Pool-based Active Learning - Simple Evaluation Study#

Google Colab Note: If the notebook fails to run after installing the needed packages, try to restart the runtime (Ctrl + M) under Runtime -> Restart session.

Open in Colab

Notebook Dependencies

Uncomment the following cells to install all dependencies for this tutorial.

[1]:
# !pip install scikit-activeml

The main purpose of this tutorial is to show how a simple comparison study can be realized using scikit-activeml. For this experiment, we use a repeated K-fold Cross-validation to evaluate the query strategies using two different classifiers. Our main focus is cleanly separating the repetitions, proper handling of random states and separation of test and training data.

[2]:
import numpy as np
import matplotlib as mlp
import matplotlib.pyplot as plt

from sklearn.gaussian_process import GaussianProcessClassifier
from sklearn.datasets import make_blobs
from sklearn.model_selection import StratifiedKFold, KFold

from skactiveml.classifier import SklearnClassifier, ParzenWindowClassifier
from skactiveml.pool import UncertaintySampling, ProbabilisticAL, RandomSampling
from skactiveml.utils import call_func, MISSING_LABEL

import warnings
mlp.rcParams["figure.facecolor"] = "white"
warnings.filterwarnings("ignore")

Random Seed Management#

To guarantee that the experiment is reproducible, we have to set the random states for all components that might use one. To simplify this, we make all random seeds dependent of a single fixed random state and use helper functions to generate new seeds and random states. Keep in mind that the master_random_state should only be used to create new random states or random seeds.

[3]:
master_random_state = np.random.RandomState(0)

def gen_seed(random_state:np.random.RandomState):
    return random_state.randint(0, 2**31)

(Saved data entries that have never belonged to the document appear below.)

(* There are absolute constants $c>0$ and $C$ such that for all $n$: if $A\subseteq\{0,1\}^n$ is a uniformly random subset of size exactly $2^{n-1}$, then with probability at least $1-2^{-2^{cn}}$ there exists a bijection $\phi\colon\{0,1\}^{n-1}\to A$ such that $\Pr_{x\in\{0,1\}^{n-1}}[{\sf dist}(x,\phi(x)_{[1,\dots,n-1]})\le 1]\ge 1-C/n$.
   Context: $z_{[1,\dots,n-1]}$ denotes the restriction of $z\in\{0,1\}^n$ to its first $n-1$ coordinates; ${\sf dist}$ is Hamming distance; $x$ is uniform in $\{0,1\}^{n-1}$. *)

theory Defs
  imports Main "HOL-Library.Disjoint_Sets" Complex_Main
begin

definition cube :: "nat \<Rightarrow> bool list set" where
  "cube n = {xs. length xs = n}"

definition hamming :: "bool list \<Rightarrow> bool list \<Rightarrow> nat" where
  "hamming xs ys = card {i. i < length xs \<and> xs ! i \<noteq> ys ! i}"

definition unif_prob :: "'a set \<Rightarrow> ('a \<Rightarrow> bool) \<Rightarrow> real" where
  "unif_prob S P = real (card {x \<in> S. P x}) / real (card S)"

definition good_matching :: "real \<Rightarrow> nat \<Rightarrow> bool list set \<Rightarrow> bool" where
  "good_matching C n A \<longleftrightarrow>
     (\<exists>\<phi>. bij_betw \<phi> (cube (n - 1)) A \<and>
        unif_prob (cube (n - 1)) (\<lambda>x. hamming x (take (n - 1) (\<phi> x)) \<le> 1) \<ge> 1 - C / real n)"

end

theory Submission
  imports Defs "HOL-Real_Asymp.Real_Asymp"
begin

text \<open>
  Write n = m + 1. For A \<subseteq> {0,1}^n with |A| = 2^m call z \<in> {0,1}^m surplus if both extensions
  z0, z1 lie in A and deficient if neither does; the two kinds are equally numerous, and every
  other z is sent to its unique extension in A. Deficient and surplus points are paired greedily in
  rounds j = 0, 1, ..., t - 1: in round j, z is paired with its neighbour across coordinate j if
  both are still unpaired, and the deficient point receives the spare extension of the surplus one,
  at Hamming distance 1. Only the deficient points left after t rounds have to be sent far away.

  For a uniformly random A \<subseteq> {0,1}^n of arbitrary size, the fate of u @ s after j = |u|
  rounds depends only on A restricted to the block of points u' @ s @ [b], and the two halves of
  this block decide u @ s and its round-j neighbour independently. Hence the probability d(j) of
  still being unpaired satisfies d(0) = 1/4 and d(j+1) = d(j)(1 - d(j)), so d(j) \<le> 1/(j+4).
  For t = m/2 the 2^(m-t) blocks are independent, and an exponential-moment bound shows that more
  than a fraction 4/(t+4) \<le> 8/n of the points stays unpaired only with probability about
  exp(-2^(m/2)/(m+5)). Conditioning on |A| = 2^m costs only a factor 2^n, as
  (2^n choose 2^m) \<ge> 2^(2^n)/2^n.
\<close>

section \<open>Sums over the subsets of a finite set\<close>

lemma sum_Pow_Un:
  assumes "X \<inter> Y = {}"
  shows "(\<Sum>A\<in>Pow (X \<union> Y). F A) = (\<Sum>A\<in>Pow X. \<Sum>B\<in>Pow Y. F (A \<union> B))"
proof -
  have "bij_betw (\<lambda>(A, B). A \<union> B) (Pow X \<times> Pow Y) (Pow (X \<union> Y))"
    by (rule bij_betw_byWitness[where f' = "\<lambda>A. (A \<inter> X, A \<inter> Y)"]) (use assms in auto)
  then have "(\<Sum>A\<in>Pow (X \<union> Y). F A) = (\<Sum>(A, B)\<in>Pow X \<times> Pow Y. F (A \<union> B))"
    by (simp add: sum.reindex_bij_betw[symmetric] case_prod_unfold)
  then show ?thesis by (simp add: sum.cartesian_product)
qed

lemma sum_Pow_Un_mult:
  fixes f g :: "'a set \<Rightarrow> 'b::comm_semiring_1"
  assumes "X \<inter> Y = {}" "\<And>A. f A = f (A \<inter> X)" "\<And>A. g A = g (A \<inter> Y)"
  shows "(\<Sum>A\<in>Pow (X \<union> Y). f A * g A) = (\<Sum>A\<in>Pow X. f A) * (\<Sum>B\<in>Pow Y. g B)"
proof -
  have "f (A \<union> B) * g (A \<union> B) = f A * g B" if "A \<subseteq> X" "B \<subseteq> Y" for A B
  proof -
    have "(A \<union> B) \<inter> X = A \<inter> X" "(A \<union> B) \<inter> Y = B \<inter> Y"
      using that assms(1) by auto
    then show ?thesis by (metis assms(2,3))
  qed
  then show ?thesis
    by (simp add: sum_Pow_Un[OF assms(1)] sum_product)
qed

def gen_random_state(random_state:np.random.RandomState):
    return np.random.RandomState(gen_seed(random_state))

Data Set Generation#

We generate a data set of 100 data points with two clusters from the make_blobs method of scikit-learn. This method also returns the true labels of each data point. In practice, however, we do not know these labels unless we ask an oracle. The labels are stored in y_true, which acts as an oracle.

[4]:
n_features = 2
n_classes = 3
n_centers_per_class = 10
classes = np.arange(n_classes)
X, centers = make_blobs(
    n_features=n_features, centers=n_classes*n_centers_per_class, n_samples=400,
    random_state=gen_seed(master_random_state))
y_true = centers % n_classes
bound = [[min(X[:, 0]), min(X[:, 1])], [max(X[:, 0]), max(X[:, 1])]]
plt.scatter(X[:, 0], X[:, 1], c=y_true, cmap='jet')
plt.xlabel('Feature 1')
plt.ylabel('Feature 2')
plt.title('Data set');
../../_images/generated_tutorials_04_pool_simple_evaluation_study_10_0.png

Classification Models and Query Strategies#

We handle the creation of classifiers and query strategies using factory functions to simplify the separation of classifiers and query strategies across repetitions and folds.

[5]:
classifier_factory_functions = {
    'ParzenWindowClassifier': lambda classes, random_state: ParzenWindowClassifier(
        classes=classes,
        random_state=gen_seed(random_state),
        metric='rbf',
        metric_dict={'gamma':'mean'}
    ),
    'GaussianProcessClassifier': lambda classes, random_state: SklearnClassifier(
        GaussianProcessClassifier(random_state=gen_seed(random_state)),
        classes=classes,
        random_state=gen_seed(random_state)
    )
}

query_strategy_factory_functions = {
    'RandomSampling': lambda random_state: RandomSampling(random_state=gen_seed(random_state)),
    'UncertaintySampling': lambda random_state: UncertaintySampling(random_state=gen_seed(random_state)),
    'ProbabilisticAL': lambda random_state: ProbabilisticAL(random_state=gen_seed(random_state), metric='rbf')
}

def create_classifier(name, classes, random_state):
    return classifier_factory_functions[name](classes, random_state)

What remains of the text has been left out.